A few pics from the hunt.  5 of us went and shot 30 birds.  

27 ring-necks, 2 woodies, and 1 green head.


----------



## HALOJmpr (Jan 4, 2011)

Congrats on a great hunt.  I had a woodie snatched by a gator this morning where I hunted ..... I hunt a spring some and the water stays 65 degrees plus year round.  If you turn a dog out there you're rolling the dice even with the clear water.


----------



## JDARRACOTT (Jan 4, 2011)

we lost two ducks on sunday to gators in charleston Sc, and the water was shallow. didn't notice them until they already had the ducks in their mouth chomping away. I have a lab too and i wont use her. Use a boat its a lot easier.


----------



## G Duck (Jan 5, 2011)

Killin Time said:


> I would only hunt a dog when there are gators around if it is not a black lab



????????????????????????????????????????????????????


----------



## basslure (Jan 5, 2011)

We hunted float tubes the week after Christmas on Seminole. Didnt see any gators, but when your paddling out and hit a stump it definatly crosses you mind.

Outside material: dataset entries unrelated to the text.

(* Let $\mathcal{U}\subset\Delta(\mathcal{X}\times\mathcal{Y})$ be a convex and compact uncertainty set and let $\mathrm{h}^{\mathcal{U}}$ be an $\ell$-MRC for $\mathcal{U}$. If $\mathcal{U}$ contains the true underlying distribution $\mathrm{p}^*$, then $$\min_{\mathrm{h}\in \mathrm{T}(\mathcal{X},\mathcal{Y})}R_\ell(\mathrm{h})\leq H_\ell(\mathcal{U}),\qquad R_\ell(\mathrm{h}^{\mathcal{U}})\leq H_\ell(\mathcal{U}).$$ In addition, if $\mathrm{p}^*$ maximizes the $\ell$-entropy over $\mathcal{U}$, then $\ell$-MRCs for $\mathcal{U}$ are Bayes classifiers and $$\min_{\mathrm{h}\in \mathrm{T}(\mathcal{X},\mathcal{Y})}R_\ell(\mathrm{h})= R_\ell(\mathrm{h}^{\mathcal{U}})=H_\ell(\mathcal{U}).$$
   Context: Let $\mathcal{X}$ and $\mathcal{Y}$ be finite nonempty sets, with $\mathcal{Y}=\{1,\dots,|\mathcal{Y}|\}$. For a finite set $\mathcal{Z}$, $\Delta(\mathcal{Z})$ denotes the set of probability distributions on $\mathcal{Z}$. A classification rule is a map $\mathrm{h}$ assigning to each $x\in\mathcal{X}$ a distribution $\mathrm{h}(\cdot|x)\in\Delta(\mathcal{Y})$; $\mathrm{T}(\mathcal{X},\mathcal{Y})$ is the set of all classification rules. A score function $L:\Delta(\mathcal{Y})\times\mathcal{Y}\to(-\infty,\infty]$ is lower semi-continuous and convex in its first argument; the associated classification loss is $\ell(\mathrm{h},(x,y))=L(\mathrm{h}(\cdot|x),y)$, and for $\mathrm{p}\in\Delta(\mathcal{X}\times\mathcal{Y})$, $\ell(\mathrm{h},\mathrm{p})=\sum_{x,y}\mathrm{p}(x,y)\ell(\mathrm{h},(x,y))$. $H_\ell(\mathrm{p})=\min_{\mathrm{h}\in\mathrm{T}(\mathcal{X},\mathcal{Y})}\ell(\mathrm{h},\mathrm{p})$ and $H_\ell(\mathcal{U})=\max_{\mathrm{p}\in\mathcal{U}}H_\ell(\mathrm{p})$. A rule $\mathrm{h}^{\mathcal{U}}$ is an $\ell$-MRC for $\mathcal{U}$ if $\mathrm{h}^{\mathcal{U}}\in\arg\min_{\mathrm{h}}\max_{\mathrm{p}\in\mathcal{U}}\ell(\mathrm{h},\mathrm{p})$. $\mathrm{p}^*\in\Delta(\mathcal{X}\times\mathcal{Y})$ is the true underlying distribution of instance-label pairs, $R_\ell(\mathrm{h})=\ell(\mathrm{h},\mathrm{p}^* )$ is the $\ell$-risk, and a Bayes classifier is a rule minimizing $R_\ell$ over $\mathrm{T}(\mathcal{X},\mathcal{Y})$. *)

theory Defs
  imports "HOL-Analysis.Analysis"
begin
(* Let $V$ be a toroidal vertex algebra, let $I$ be an ideal of $V$, let $L=V/I$ be the quotient toroidal vertex algebra with quotient map $p:V\to L$ (so that $p(V^0)=L^0$). Let $(W,Y_W)$ be a $V$-module. Then $W$ is naturally an $L$-module (i.e. there is an $L$-module structure $Y'_W$ on $W$ with $Y'_W(p(v);x_0,\mathbf{x})=Y_W(v;x_0,\mathbf{x})$ for all $v\in V$) if and only if $W$ is naturally an $L^0$-module (i.e. there is an $L^0$-module structure $Y''_W$ on $W$ with $Y''_W(p(u);x_0,\mathbf{x})=Y_W(u;x_0,\mathbf{x})$ for all $u\in V^0$). Furthermore, the category of $L$-modules is the intersection of the category of $V$-modules and the category of $L^0$-modules, all regarded (via restriction along $V^0\hookrightarrow V$, $V^0\to L^0\hookrightarrow L$) as strictly full subcategories of the category of $V^0$-modules.
   Context: Fix a positive integer $r$. Write $\mathbf{x}=(x_1,\dots,x_r)$, $\mathbf{x}^{\mathbf{m}}=x_1^{m_1}\cdots x_r^{m_r}$ (similarly for other variables), $\mathbf{z}\mathbf{y}=(z_1y_1,\dots,z_ry_r)$. For a vector space $W$ put $\mathcal{E}(W,r)=\mathrm{Hom}(W,W[[x_1^{\pm1},\dots,x_r^{\pm1}]]((x_0)))$. A toroidal vertex algebra is a vector space $V$ with a linear map $Y(\cdot;x_0,\mathbf{x}):V\to\mathcal{E}(V,r)$, $v\mapsto\sum_{(m_0,\mathbf{m})\in\mathbb{Z}\times\mathbb{Z}^r}v_{m_0,\mathbf{m}}x_0^{-m_0-1}\mathbf{x}^{-\mathbf{m}}$, and a vector $\mathbf{1}$ with $Y(\mathbf{1};x_0,\mathbf{x})v=v$, $Y(v;x_0,\mathbf{x})\mathbf{1}\in V[[x_0,x_1^{\pm1},\dots,x_r^{\pm1}]]$, and the Jacobi identity $$z_0^{-1}\delta\!\left(\tfrac{x_0-y_0}{z_0}\right)Y(u;x_0,\mathbf{z}\mathbf{y})Y(v;y_0,\mathbf{y})-z_0^{-1}\delta\!\left(\tfrac{y_0-x_0}{-z_0}\right)Y(v;y_0,\mathbf{y})Y(u;x_0,\mathbf{z}\mathbf{y})=y_0^{-1}\delta\!\left(\tfrac{x_0-z_0}{y_0}\right)Y(Y(u;z_0,\mathbf{z})v;y_0,\mathbf{y})$$ for all $u,v$, where $Y(u;x_0,\mathbf{z}\mathbf{y})=\sum u_{m_0,\mathbf{m}}x_0^{-m_0-1}\mathbf{z}^{-\mathbf{m}}\mathbf{y}^{-\mathbf{m}}$. A module is a vector space $W$ with linear $Y_W:V\to\mathcal{E}(W,r)$, $Y_W(\mathbf{1};x_0,\mathbf{x})=1_W$, satisfying the Jacobi identity with $Y_W$ in the three outer operator places. Ideals: subspaces $I$ with $u_{m_0,\mathbf{m}}v\in I$ whenever $u\in I$ or $v\in I$. For any toroidal vertex algebra $U$, $U^0=\mathrm{span}\{u_{m_0,\mathbf{m}}\mathbf{1}\}$ is a toroidal vertex subalgebra. A subcategory $\mathcal{C}_1\subset\mathcal{C}$ is strictly full if it is full and every object of $\mathcal{C}$ isomorphic to an object of $\mathcal{C}_1$ lies in $\mathcal{C}_1$. *)

theory Defs
  imports Complex_Main
begin

text \<open>
A vector space is a type with an abelian group
   structure and a scalar multiplication s :: complex => 'a => 'a with vector_space s.
 * Multi-indices in Z^r are functions 'r => int for a finite index type 'r with
   CARD('r) = r (r >= 1 is automatic).
 * A map Y : A -> E(W,r) is given by its modes:  Y u m0 m w = u_{m0,m} w, i.e.
   Y(u;x0,x) = sum u_{m0,m} x0^(-m0-1) x^(-m).
 * Algebras may live on a subspace S of an ambient type (needed for V^0, L^0),
   modules live on a subspace W of an ambient type.
\<close>

definition is_subspace :: "(complex \<Rightarrow> 'a::ab_group_add \<Rightarrow> 'a) \<Rightarrow> 'a set \<Rightarrow> bool" where
  "is_subspace s S \<longleftrightarrow> 0 \<in> S \<and> (\<forall>x\<in>S. \<forall>y\<in>S. x + y \<in> S) \<and> (\<forall>c. \<forall>x\<in>S. s c x \<in> S)"

text \<open>Sum of a finitely supported family (all sums below have finite support by truncation).\<close>
definition fsum :: "(nat \<Rightarrow> 'a::comm_monoid_add) \<Rightarrow> 'a" where
  "fsum f = sum f {j. f j \<noteq> 0}"

definition cbinom :: "int \<Rightarrow> nat \<Rightarrow> complex" where
  "cbinom n j = (of_int n :: complex) gchoose j"

text \<open>
Coefficient of  z0^(-l-1) x0^(-M-1) y0^(-N-1) z^(-a) y^(-b)  of the Jacobi identity
applied to w, with the delta functions expanded as usual:
  z0^-1 delta((x0-y0)/z0)   = sum_n z0^(-n-1) sum_j binom(n,j) (-1)^j x0^(n-j) y0^j,
  z0^-1 delta((y0-x0)/(-z0)) = sum_n z0^(-n-1) (-1)^n sum_j binom(n,j) (-1)^j y0^(n-j) x0^j,
  y0^-1 delta((x0-z0)/y0)   = sum_n y0^(-n-1) sum_j binom(n,j) (-1)^j x0^(n-j) z0^j.
\<close>
definition jacobi_coeff ::
  "('v \<Rightarrow> int \<Rightarrow> ('r \<Rightarrow> int) \<Rightarrow> 'v \<Rightarrow> 'v)
   \<Rightarrow> (complex \<Rightarrow> 'w::ab_group_add \<Rightarrow> 'w)
   \<Rightarrow> ('v \<Rightarrow> int \<Rightarrow> ('r \<Rightarrow> int) \<Rightarrow> 'w \<Rightarrow> 'w)
   \<Rightarrow> 'v \<Rightarrow> 'v \<Rightarrow> 'w \<Rightarrow> int \<Rightarrow> int \<Rightarrow> int \<Rightarrow> ('r \<Rightarrow> int) \<Rightarrow> ('r \<Rightarrow> int) \<Rightarrow> bool" where
  "jacobi_coeff YA sW YW u v w l M N a b \<longleftrightarrow>
     fsum (\<lambda>j. sW ((-1) ^ j * cbinom l j)
                  (YW u (M + l - int j) a (YW v (N + int j) (\<lambda>i. b i - a i) w)))
   - fsum (\<lambda>j. sW ((-1) powi l * (-1) ^ j * cbinom l j)
                  (YW v (N + l - int j) (\<lambda>i. b i - a i) (YW u (M + int j) a w)))
   = fsum (\<lambda>j. sW ((-1) ^ j * cbinom (- M - 1 + int j) j)
                  (YW (YA u (l + int j) a v) (M + N - int j) b w))"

We wound up getting 4 Cans.


----------



## HuntinDawg89 (Jan 5, 2011)

Louis843 said:


> Thanks fellas.  Decided not to take him and left him in the truck while we went out.  He hated it but I agree, its not worth losing your best friend over!!!



Good decision.  If you would put your dog in gator infested waters then you don't deserve your dog.


----------